I did move just the vector dot product off-heap and I'm not planning to do anything clever with the corrections. I'm not sure that would pay off anyway -- you'd have to transpose from row view to column view to parallelize that work, and it would be 128-bit on x86 which may not go well.

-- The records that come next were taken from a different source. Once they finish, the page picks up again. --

locale M1_solution =
  fixes \<nu>0 \<nu>1 :: complex
    and x0 x1 y0 y1 \<xi>0 \<xi>1 \<eta>0 \<eta>1 :: "real \<Rightarrow> complex"
  assumes system: "M1_system \<nu>0 \<nu>1 x0 x1 y0 y1 \<xi>0 \<xi>1 \<eta>0 \<eta>1"
begin

lemma has_vector_derivatives:
  assumes "s > 0"
  shows "(x0 has_vector_derivative dds x0 s) (at s)" "(x1 has_vector_derivative dds x1 s) (at s)"
    "(y0 has_vector_derivative dds y0 s) (at s)" "(y1 has_vector_derivative dds y1 s) (at s)"
    "(\<xi>0 has_vector_derivative dds \<xi>0 s) (at s)" "(\<xi>1 has_vector_derivative dds \<xi>1 s) (at s)"
    "(\<eta>0 has_vector_derivative dds \<eta>0 s) (at s)" "(\<eta>1 has_vector_derivative dds \<eta>1 s) (at s)"
  using system assms smooth_pos_has_vector_derivative unfolding M1_system_def by blast+

lemma equations:
  assumes "s > 0"
  shows "of_real s * dds x0 s = - \<eta>0 s * x0 s - x1 s"
    "of_real s * dds x1 s = - \<eta>1 s * x0 s + of_real s * x0 s + \<xi>0 s * x0 s + \<xi>1 s * x1 s"
    "of_real s * dds y1 s = - \<xi>1 s * y1 s + y0 s"
    "of_real s * dds y0 s = - \<xi>0 s * y1 s - of_real s * y1 s + \<eta>0 s * y0 s + \<eta>1 s * y1 s"
    "dds \<xi>0 s = x0 s * y0 s" "dds \<xi>1 s = x0 s * y1 s"
    "dds \<eta>0 s = x0 s * y1 s" "dds \<eta>1 s = x1 s * y1 s"
  using system assms unfolding M1_system_def by auto

lemma limits:
  "(\<xi>0 \<longlongrightarrow> \<nu>0 * \<nu>1) (at_right 0)" "(\<xi>1 \<longlongrightarrow> - (\<nu>0 + \<nu>1)) (at_right 0)"
  "(\<eta>0 \<longlongrightarrow> 0) (at_right 0)" "(\<eta>1 \<longlongrightarrow> 0) (at_right 0)"
  "((\<lambda>s. x0 s * y0 s) \<longlongrightarrow> 0) (at_right 0)" "((\<lambda>s. x0 s * y1 s) \<longlongrightarrow> 0) (at_right 0)"
  "((\<lambda>s. x1 s * y0 s) \<longlongrightarrow> 0) (at_right 0)" "((\<lambda>s. x1 s * y1 s) \<longlongrightarrow> 0) (at_right 0)"
  using system unfolding M1_system_def by auto

lemma pairing_eq_0:
  assumes "s > 0"
  shows "x0 s * y0 s + x1 s * y1 s = 0"
proof (rule first_integral_eq_limit_at_right[OF _ _ _ assms])
  fix s :: real assume s: "s > 0"
  show "((\<lambda>t. x0 t * y0 t + x1 t * y1 t) has_vector_derivative
          x0 s * dds y0 s + dds x0 s * y0 s + (x1 s * dds y1 s + dds x1 s * y1 s)) (at s)"
    by (intro derivative_intros has_vector_derivatives[OF s])
  have "of_real s * (x0 s * dds y0 s + dds x0 s * y0 s + (x1 s * dds y1 s + dds x1 s * y1 s))
      = x0 s * (of_real s * dds y0 s) + (of_real s * dds x0 s) * y0 s
        + x1 s * (of_real s * dds y1 s) + (of_real s * dds x1 s) * y1 s"
    by (simp add: algebra_simps)
  also have "\<dots> = 0"
    unfolding equations[OF s] by (simp add: algebra_simps)
  finally show "of_real s * (x0 s * dds y0 s + dds x0 s * y0 s + (x1 s * dds y1 s + dds x1 s * y1 s)) = 0" .
next
  show "((\<lambda>t. x0 t * y0 t + x1 t * y1 t) \<longlongrightarrow> 0) (at_right 0)"
    using tendsto_add[OF limits(5,8)] by simp
qed

lemma xi1_minus_eta0:
  assumes "s > 0"
  shows "\<xi>1 s - \<eta>0 s = - (\<nu>0 + \<nu>1)"
proof (rule first_integral_eq_limit_at_right[OF _ _ _ assms])
  fix s :: real assume s: "s > 0"
  show "((\<lambda>t. \<xi>1 t - \<eta>0 t) has_vector_derivative dds \<xi>1 s - dds \<eta>0 s) (at s)"
    by (intro derivative_intros has_vector_derivatives[OF s])
  show "of_real s * (dds \<xi>1 s - dds \<eta>0 s) = 0"
    using equations[OF s] by simp
next
  show "((\<lambda>t. \<xi>1 t - \<eta>0 t) \<longlongrightarrow> - (\<nu>0 + \<nu>1)) (at_right 0)"
    using tendsto_diff[OF limits(2,3)] by simp
qed

lemma xi0_plus_eta1:
  assumes "s > 0"
  shows "\<xi>0 s + \<eta>1 s = \<nu>0 * \<nu>1"
proof (rule first_integral_eq_limit_at_right[OF _ _ _ assms])
  fix s :: real assume s: "s > 0"
  show "((\<lambda>t. \<xi>0 t + \<eta>1 t) has_vector_derivative dds \<xi>0 s + dds \<eta>1 s) (at s)"
    by (intro derivative_intros has_vector_derivatives[OF s])
  show "of_real s * (dds \<xi>0 s + dds \<eta>1 s) = 0"
    using equations[OF s] pairing_eq_0[OF s] by simp
next
  show "((\<lambda>t. \<xi>0 t + \<eta>1 t) \<longlongrightarrow> \<nu>0 * \<nu>1) (at_right 0)"
    using tendsto_add[OF limits(1,4)] by simp
qed

lemma y1_eq_powr_mult_x0:
  assumes nonzero: "\<forall>s>0. x0 s \<noteq> 0"
    and lim: "((\<lambda>s. of_real s powr (- (\<nu>0 + \<nu>1)) * y1 s / x0 s) \<longlongrightarrow> c) (at_right 0)"
    and "s > 0"
  shows "y1 s = c * of_real s powr (\<nu>0 + \<nu>1) * x0 s"
proof -
  define e where "e = \<nu>0 + \<nu>1"
  have "of_real s powr (- e) * y1 s / x0 s = c"
  proof (rule first_integral_eq_limit_at_right[OF _ _ lim[folded e_def] \<open>s > 0\<close>])
    fix s :: real assume s: "s > 0"
    define P where "P = (of_real s :: complex) powr (- e)"
    define D where "D = P * y1 s * (dds x0 s * - (inverse (x0 s))\<^sup>2)
      + (P * dds y1 s + - e * P / of_real s * y1 s) * inverse (x0 s)"
    have x0s: "x0 s \<noteq> 0" using nonzero s by auto
    have "((\<lambda>t. inverse (x0 t)) has_vector_derivative dds x0 s * - (inverse (x0 s))\<^sup>2) (at s)"
      using field_vector_diff_chain_at[OF has_vector_derivatives(1)[OF s] DERIV_inverse[OF x0s]]
      by (simp add: o_def power2_eq_square)
    then have "((\<lambda>t. of_real t powr (- e) * y1 t * inverse (x0 t)) has_vector_derivative D) (at s)"
      unfolding D_def P_def
      by (intro has_vector_derivative_mult has_vector_derivative_of_real_powr s has_vector_derivatives)
    then show "((\<lambda>t. of_real t powr (- e) * y1 t / x0 t) has_vector_derivative D) (at s)"
      by (simp add: divide_inverse)
    have "of_real s * (x0 s)\<^sup>2 * D
        = P * (- y1 s * (of_real s * dds x0 s) + x0 s * (of_real s * dds y1 s) - e * y1 s * x0 s)"
      unfolding D_def using x0s s by (simp add: field_simps power2_eq_square)
    also have "\<dots> = P * (x0 s * y0 s + x1 s * y1 s + x0 s * y1 s * (\<eta>0 s - \<xi>1 s - e))"
      unfolding equations[OF s] by (simp add: algebra_simps)
    also have "\<dots> = 0"
      using pairing_eq_0[OF s] xi1_minus_eta0[OF s] by (simp add: e_def algebra_simps)
    finally show "of_real s * D = 0"
      using x0s by simp
  qed
  then have ratio: "of_real s powr (- e) * y1 s = c * x0 s"
    using nonzero \<open>s > 0\<close> by (simp add: field_simps)
  have "y1 s = of_real s powr e * (of_real s powr (- e) * y1 s)"
    using of_real_powr_uminus_mult[OF \<open>s > 0\<close>, of e] by (simp add: algebra_simps)
  also have "\<dots> = c * of_real s powr (\<nu>0 + \<nu>1) * x0 s"
    unfolding ratio by (simp add: e_def algebra_simps)
  finally show ?thesis .
qed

I was assuming that accessing the corrective terms was messing with performance but larger jfr stacks point at a more mysterious culprit. This PR spends more time in lane reduction (???) and 128-bit loads of data from the memory segment (probably memory latency). For the latter case its weird that I don't see anything on the baseline when I know that copying to the heap should be inducing a similar hit.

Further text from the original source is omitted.